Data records
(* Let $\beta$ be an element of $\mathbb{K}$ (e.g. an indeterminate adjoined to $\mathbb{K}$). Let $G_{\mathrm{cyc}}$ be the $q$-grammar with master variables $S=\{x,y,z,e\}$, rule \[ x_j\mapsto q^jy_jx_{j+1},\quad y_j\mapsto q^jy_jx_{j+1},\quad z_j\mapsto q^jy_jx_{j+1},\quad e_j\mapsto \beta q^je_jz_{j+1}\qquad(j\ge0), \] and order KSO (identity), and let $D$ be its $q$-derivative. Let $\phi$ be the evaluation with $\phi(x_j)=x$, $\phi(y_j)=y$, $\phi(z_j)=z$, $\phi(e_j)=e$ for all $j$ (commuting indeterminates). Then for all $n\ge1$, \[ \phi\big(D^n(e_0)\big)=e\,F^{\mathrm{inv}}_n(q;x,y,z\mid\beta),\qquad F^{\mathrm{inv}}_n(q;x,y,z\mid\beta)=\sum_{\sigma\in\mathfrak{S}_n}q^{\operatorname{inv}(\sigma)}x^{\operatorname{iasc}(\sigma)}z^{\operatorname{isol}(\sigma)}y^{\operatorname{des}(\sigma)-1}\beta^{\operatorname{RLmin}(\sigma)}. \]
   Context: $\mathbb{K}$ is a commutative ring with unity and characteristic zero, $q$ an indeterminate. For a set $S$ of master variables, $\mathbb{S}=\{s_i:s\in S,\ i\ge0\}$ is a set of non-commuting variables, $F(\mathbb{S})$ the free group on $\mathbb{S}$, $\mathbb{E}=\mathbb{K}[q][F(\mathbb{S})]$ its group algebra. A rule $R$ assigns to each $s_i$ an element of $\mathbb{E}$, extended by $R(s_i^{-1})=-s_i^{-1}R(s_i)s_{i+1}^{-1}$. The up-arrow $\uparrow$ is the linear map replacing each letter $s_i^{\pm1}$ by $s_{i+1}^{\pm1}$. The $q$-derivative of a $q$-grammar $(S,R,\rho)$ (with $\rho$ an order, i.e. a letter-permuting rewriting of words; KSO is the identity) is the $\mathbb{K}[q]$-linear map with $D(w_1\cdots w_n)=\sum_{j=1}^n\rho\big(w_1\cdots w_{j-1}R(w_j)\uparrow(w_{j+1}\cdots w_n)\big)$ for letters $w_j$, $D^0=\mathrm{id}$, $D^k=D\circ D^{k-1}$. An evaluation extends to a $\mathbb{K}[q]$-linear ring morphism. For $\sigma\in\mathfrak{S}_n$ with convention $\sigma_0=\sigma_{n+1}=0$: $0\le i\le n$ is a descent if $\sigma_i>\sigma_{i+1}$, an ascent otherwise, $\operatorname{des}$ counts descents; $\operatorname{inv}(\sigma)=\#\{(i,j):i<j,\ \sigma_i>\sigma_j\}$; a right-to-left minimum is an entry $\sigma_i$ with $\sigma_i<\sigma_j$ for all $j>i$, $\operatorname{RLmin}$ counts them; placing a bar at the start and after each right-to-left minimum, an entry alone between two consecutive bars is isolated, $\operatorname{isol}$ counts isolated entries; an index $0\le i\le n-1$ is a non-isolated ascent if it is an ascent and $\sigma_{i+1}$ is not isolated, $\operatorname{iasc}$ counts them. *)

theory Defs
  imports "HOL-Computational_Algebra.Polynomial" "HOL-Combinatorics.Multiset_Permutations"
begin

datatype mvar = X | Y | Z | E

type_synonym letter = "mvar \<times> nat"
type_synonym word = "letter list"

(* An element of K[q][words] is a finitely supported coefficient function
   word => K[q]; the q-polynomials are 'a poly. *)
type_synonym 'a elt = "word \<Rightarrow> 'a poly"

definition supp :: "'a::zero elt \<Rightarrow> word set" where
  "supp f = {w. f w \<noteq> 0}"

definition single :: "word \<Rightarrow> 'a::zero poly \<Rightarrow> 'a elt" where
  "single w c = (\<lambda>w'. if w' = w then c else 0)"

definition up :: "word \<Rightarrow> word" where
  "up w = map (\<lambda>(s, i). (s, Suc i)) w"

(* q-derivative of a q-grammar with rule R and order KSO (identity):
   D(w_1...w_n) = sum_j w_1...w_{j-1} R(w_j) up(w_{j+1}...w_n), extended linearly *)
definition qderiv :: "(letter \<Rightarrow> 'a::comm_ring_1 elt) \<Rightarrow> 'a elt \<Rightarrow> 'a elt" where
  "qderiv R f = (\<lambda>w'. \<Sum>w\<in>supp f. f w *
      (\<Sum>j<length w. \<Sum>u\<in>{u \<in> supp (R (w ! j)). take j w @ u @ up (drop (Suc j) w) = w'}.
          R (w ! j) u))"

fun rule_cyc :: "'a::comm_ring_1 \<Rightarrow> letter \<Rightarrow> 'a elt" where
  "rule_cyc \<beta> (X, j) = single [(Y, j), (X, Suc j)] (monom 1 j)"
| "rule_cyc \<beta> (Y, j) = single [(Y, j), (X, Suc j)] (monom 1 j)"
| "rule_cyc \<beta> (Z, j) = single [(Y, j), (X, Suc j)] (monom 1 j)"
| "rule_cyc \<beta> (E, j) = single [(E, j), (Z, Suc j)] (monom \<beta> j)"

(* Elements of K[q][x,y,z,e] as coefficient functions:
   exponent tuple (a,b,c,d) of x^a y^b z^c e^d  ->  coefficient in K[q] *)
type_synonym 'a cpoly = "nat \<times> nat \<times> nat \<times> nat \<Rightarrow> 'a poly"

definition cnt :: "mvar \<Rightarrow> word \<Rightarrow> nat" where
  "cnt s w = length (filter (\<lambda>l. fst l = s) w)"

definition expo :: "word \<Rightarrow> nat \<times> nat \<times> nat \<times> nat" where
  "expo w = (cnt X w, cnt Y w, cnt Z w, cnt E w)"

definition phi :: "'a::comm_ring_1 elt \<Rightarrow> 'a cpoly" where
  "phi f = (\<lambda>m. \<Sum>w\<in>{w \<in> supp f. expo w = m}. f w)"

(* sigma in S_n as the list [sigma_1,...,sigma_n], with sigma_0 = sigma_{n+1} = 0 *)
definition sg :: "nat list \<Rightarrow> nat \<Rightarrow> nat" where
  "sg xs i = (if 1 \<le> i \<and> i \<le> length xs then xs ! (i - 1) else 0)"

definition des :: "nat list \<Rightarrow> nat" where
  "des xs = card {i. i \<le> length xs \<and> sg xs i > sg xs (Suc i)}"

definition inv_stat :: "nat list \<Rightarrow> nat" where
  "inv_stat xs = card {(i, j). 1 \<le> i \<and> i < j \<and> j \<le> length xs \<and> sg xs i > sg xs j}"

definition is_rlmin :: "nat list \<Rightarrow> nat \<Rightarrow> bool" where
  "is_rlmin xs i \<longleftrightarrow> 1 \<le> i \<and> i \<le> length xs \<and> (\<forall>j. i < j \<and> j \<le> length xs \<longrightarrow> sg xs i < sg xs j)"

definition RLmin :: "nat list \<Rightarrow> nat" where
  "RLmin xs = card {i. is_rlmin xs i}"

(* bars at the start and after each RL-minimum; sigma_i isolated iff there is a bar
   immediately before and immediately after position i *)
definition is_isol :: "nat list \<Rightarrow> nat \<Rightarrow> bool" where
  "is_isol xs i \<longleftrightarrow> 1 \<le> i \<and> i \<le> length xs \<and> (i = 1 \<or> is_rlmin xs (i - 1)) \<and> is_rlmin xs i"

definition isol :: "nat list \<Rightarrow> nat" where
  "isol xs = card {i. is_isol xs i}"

# [WHAT YOU SHOULD DO]
Which lines above hold the string "coefficient"? Copy every one of them.

# [TASK RESPONSE]
(* An element of K[q][words] is a finitely supported coefficient function
(* Elements of K[q][x,y,z,e] as coefficient functions:
   exponent tuple (a,b,c,d) of x^a y^b z^c e^d  ->  coefficient in K[q] *)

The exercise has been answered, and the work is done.